*Problem*: The lines to repeat are those below from the one containing "lin_top R I \<and>" down to the one containing "I = \<lparr>", both included; reproduce them exactly and nothing else.

[Stored entries]
⁂
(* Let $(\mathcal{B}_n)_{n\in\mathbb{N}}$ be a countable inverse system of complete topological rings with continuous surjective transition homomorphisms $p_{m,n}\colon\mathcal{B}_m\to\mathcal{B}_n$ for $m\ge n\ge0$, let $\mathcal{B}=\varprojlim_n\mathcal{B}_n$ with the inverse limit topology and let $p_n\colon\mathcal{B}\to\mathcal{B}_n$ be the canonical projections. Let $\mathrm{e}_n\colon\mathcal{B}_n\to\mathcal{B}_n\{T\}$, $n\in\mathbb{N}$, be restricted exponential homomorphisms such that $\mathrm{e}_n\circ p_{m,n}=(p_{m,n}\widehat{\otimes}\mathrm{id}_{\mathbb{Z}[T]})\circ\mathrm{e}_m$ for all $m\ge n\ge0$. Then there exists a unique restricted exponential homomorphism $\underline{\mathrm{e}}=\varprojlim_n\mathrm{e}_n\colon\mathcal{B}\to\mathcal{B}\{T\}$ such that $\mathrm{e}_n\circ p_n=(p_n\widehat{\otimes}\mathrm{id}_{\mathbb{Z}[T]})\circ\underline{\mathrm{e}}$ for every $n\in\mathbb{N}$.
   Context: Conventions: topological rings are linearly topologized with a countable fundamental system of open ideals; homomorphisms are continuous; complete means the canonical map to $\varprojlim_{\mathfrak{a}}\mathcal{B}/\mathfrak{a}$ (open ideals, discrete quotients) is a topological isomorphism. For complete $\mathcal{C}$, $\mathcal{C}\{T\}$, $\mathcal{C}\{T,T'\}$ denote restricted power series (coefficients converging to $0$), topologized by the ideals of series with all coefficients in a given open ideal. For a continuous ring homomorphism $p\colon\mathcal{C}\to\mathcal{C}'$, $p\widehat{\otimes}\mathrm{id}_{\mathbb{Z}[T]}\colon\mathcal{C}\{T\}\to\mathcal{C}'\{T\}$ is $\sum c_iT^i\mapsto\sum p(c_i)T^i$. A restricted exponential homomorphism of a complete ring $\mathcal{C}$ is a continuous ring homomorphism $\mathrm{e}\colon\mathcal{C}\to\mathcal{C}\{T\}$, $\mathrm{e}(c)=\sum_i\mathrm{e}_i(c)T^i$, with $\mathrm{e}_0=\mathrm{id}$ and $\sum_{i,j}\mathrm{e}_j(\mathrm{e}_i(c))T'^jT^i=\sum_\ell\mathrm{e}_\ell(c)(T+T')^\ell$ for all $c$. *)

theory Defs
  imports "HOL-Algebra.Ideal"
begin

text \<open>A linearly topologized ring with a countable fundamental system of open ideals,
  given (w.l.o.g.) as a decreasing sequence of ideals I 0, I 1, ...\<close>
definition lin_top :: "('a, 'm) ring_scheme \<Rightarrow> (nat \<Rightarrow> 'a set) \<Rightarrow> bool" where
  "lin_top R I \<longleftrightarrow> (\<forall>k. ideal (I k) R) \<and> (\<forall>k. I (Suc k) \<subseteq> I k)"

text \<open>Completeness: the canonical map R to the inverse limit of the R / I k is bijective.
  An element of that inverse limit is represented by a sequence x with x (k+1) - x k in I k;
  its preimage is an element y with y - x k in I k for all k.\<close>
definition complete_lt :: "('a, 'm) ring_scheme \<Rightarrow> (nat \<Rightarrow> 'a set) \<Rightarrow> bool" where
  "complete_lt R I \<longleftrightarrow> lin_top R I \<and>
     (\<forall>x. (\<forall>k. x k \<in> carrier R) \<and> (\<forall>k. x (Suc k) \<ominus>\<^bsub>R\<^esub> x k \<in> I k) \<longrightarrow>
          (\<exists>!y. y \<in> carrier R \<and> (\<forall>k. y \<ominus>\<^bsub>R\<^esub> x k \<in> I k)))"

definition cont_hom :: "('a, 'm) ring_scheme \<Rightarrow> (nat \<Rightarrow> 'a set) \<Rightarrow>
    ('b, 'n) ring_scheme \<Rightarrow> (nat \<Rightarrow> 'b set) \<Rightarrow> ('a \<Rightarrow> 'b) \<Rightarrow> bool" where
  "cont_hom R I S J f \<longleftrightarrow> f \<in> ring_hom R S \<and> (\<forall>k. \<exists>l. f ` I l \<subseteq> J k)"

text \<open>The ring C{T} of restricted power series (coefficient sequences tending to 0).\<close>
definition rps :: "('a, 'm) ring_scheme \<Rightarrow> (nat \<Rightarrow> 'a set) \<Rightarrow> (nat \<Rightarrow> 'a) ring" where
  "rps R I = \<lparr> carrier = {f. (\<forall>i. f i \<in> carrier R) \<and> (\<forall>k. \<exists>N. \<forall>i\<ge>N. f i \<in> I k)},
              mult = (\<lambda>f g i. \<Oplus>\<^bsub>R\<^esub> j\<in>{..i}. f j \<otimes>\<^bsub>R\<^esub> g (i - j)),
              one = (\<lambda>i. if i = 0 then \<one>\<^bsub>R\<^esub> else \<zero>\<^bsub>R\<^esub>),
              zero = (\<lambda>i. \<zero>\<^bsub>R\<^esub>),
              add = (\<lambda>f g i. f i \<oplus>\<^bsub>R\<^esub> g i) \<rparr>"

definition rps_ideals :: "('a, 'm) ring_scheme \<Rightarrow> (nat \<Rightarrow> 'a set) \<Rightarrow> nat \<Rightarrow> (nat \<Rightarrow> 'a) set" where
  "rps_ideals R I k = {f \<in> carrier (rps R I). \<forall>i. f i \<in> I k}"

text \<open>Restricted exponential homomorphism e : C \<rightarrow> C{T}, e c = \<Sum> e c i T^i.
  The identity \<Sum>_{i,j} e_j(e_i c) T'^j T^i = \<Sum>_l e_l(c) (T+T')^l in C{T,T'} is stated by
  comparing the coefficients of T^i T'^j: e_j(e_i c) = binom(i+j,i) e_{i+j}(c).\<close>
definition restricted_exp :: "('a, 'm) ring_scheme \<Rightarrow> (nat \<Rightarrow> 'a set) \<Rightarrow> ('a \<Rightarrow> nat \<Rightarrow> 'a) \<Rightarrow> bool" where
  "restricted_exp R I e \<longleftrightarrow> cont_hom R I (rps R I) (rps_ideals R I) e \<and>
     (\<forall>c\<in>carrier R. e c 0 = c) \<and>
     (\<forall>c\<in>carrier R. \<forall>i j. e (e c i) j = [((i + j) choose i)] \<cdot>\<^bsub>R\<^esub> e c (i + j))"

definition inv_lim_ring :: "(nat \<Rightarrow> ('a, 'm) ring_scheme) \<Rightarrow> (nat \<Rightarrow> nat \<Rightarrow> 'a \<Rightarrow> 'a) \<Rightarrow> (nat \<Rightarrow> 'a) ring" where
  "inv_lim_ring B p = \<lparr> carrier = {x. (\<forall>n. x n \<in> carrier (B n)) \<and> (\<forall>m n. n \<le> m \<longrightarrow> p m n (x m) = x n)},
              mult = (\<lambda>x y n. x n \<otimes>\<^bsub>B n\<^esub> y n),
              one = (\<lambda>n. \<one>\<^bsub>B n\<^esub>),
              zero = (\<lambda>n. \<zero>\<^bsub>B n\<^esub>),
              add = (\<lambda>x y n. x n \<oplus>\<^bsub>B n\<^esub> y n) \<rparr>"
⁂
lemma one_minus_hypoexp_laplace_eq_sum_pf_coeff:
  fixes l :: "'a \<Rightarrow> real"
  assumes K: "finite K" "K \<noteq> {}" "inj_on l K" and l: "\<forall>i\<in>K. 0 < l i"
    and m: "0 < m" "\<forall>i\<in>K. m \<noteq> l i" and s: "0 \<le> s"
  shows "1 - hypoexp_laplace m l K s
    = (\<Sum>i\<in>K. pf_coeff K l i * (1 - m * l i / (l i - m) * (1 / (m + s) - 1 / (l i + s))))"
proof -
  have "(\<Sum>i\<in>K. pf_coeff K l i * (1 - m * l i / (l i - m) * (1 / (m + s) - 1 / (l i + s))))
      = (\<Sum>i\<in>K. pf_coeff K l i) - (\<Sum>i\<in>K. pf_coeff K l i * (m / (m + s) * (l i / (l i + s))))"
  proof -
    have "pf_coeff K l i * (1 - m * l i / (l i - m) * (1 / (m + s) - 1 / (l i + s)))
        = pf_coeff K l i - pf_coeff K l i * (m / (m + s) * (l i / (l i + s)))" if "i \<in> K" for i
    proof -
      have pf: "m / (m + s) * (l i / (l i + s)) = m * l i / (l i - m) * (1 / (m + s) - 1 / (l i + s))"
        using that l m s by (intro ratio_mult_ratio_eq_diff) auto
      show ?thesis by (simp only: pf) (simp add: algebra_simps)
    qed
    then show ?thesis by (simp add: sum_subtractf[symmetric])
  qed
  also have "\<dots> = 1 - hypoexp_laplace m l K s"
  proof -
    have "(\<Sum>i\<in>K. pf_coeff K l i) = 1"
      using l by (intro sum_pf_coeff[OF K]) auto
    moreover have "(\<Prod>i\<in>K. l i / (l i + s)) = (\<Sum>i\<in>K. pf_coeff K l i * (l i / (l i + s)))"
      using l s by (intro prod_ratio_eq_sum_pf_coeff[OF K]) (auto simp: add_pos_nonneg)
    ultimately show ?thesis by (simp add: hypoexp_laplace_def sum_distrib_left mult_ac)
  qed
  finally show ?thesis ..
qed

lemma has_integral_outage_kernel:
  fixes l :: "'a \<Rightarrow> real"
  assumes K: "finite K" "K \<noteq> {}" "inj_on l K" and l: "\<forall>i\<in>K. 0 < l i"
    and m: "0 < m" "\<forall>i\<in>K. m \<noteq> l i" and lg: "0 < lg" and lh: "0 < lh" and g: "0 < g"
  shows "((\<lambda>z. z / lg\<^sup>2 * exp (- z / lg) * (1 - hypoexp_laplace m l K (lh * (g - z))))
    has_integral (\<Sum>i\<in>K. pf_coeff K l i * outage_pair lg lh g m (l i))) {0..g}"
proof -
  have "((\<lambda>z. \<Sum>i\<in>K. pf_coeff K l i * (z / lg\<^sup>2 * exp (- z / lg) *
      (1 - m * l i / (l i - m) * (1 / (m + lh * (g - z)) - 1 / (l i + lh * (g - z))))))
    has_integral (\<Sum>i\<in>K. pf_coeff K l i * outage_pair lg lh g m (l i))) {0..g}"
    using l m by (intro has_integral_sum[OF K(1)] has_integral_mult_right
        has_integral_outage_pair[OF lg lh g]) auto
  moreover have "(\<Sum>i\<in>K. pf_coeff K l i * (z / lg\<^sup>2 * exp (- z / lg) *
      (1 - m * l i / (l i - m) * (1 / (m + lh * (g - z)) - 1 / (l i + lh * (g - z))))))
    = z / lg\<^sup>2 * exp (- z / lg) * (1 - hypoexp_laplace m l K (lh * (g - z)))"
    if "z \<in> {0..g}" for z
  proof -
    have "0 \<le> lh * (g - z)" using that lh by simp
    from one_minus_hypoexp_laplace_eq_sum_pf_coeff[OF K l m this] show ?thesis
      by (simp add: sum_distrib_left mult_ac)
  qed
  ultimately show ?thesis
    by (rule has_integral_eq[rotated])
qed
⁂
*Your response*:
  "complete_lt R I \<longleftrightarrow> lin_top R I \<and>
     (\<forall>x. (\<forall>k. x k \<in> carrier R) \<and> (\<forall>k. x (Suc k) \<ominus>\<^bsub>R\<^esub> x k \<in> I k) \<longrightarrow>
          (\<exists>!y. y \<in> carrier R \<and> (\<forall>k. y \<ominus>\<^bsub>R\<^esub> x k \<in> I k)))"

definition cont_hom :: "('a, 'm) ring_scheme \<Rightarrow> (nat \<Rightarrow> 'a set) \<Rightarrow>
    ('b, 'n) ring_scheme \<Rightarrow> (nat \<Rightarrow> 'b set) \<Rightarrow> ('a \<Rightarrow> 'b) \<Rightarrow> bool" where
  "cont_hom R I S J f \<longleftrightarrow> f \<in> ring_hom R S \<and> (\<forall>k. \<exists>l. f ` I l \<subseteq> J k)"

text \<open>The ring C{T} of restricted power series (coefficient sequences tending to 0).\<close>
definition rps :: "('a, 'm) ring_scheme \<Rightarrow> (nat \<Rightarrow> 'a set) \<Rightarrow> (nat \<Rightarrow> 'a) ring" where
  "rps R I = \<lparr> carrier = {f. (\<forall>i. f i \<in> carrier R) \<and> (\<forall>k. \<exists>N. \<forall>i\<ge>N. f i \<in> I k)},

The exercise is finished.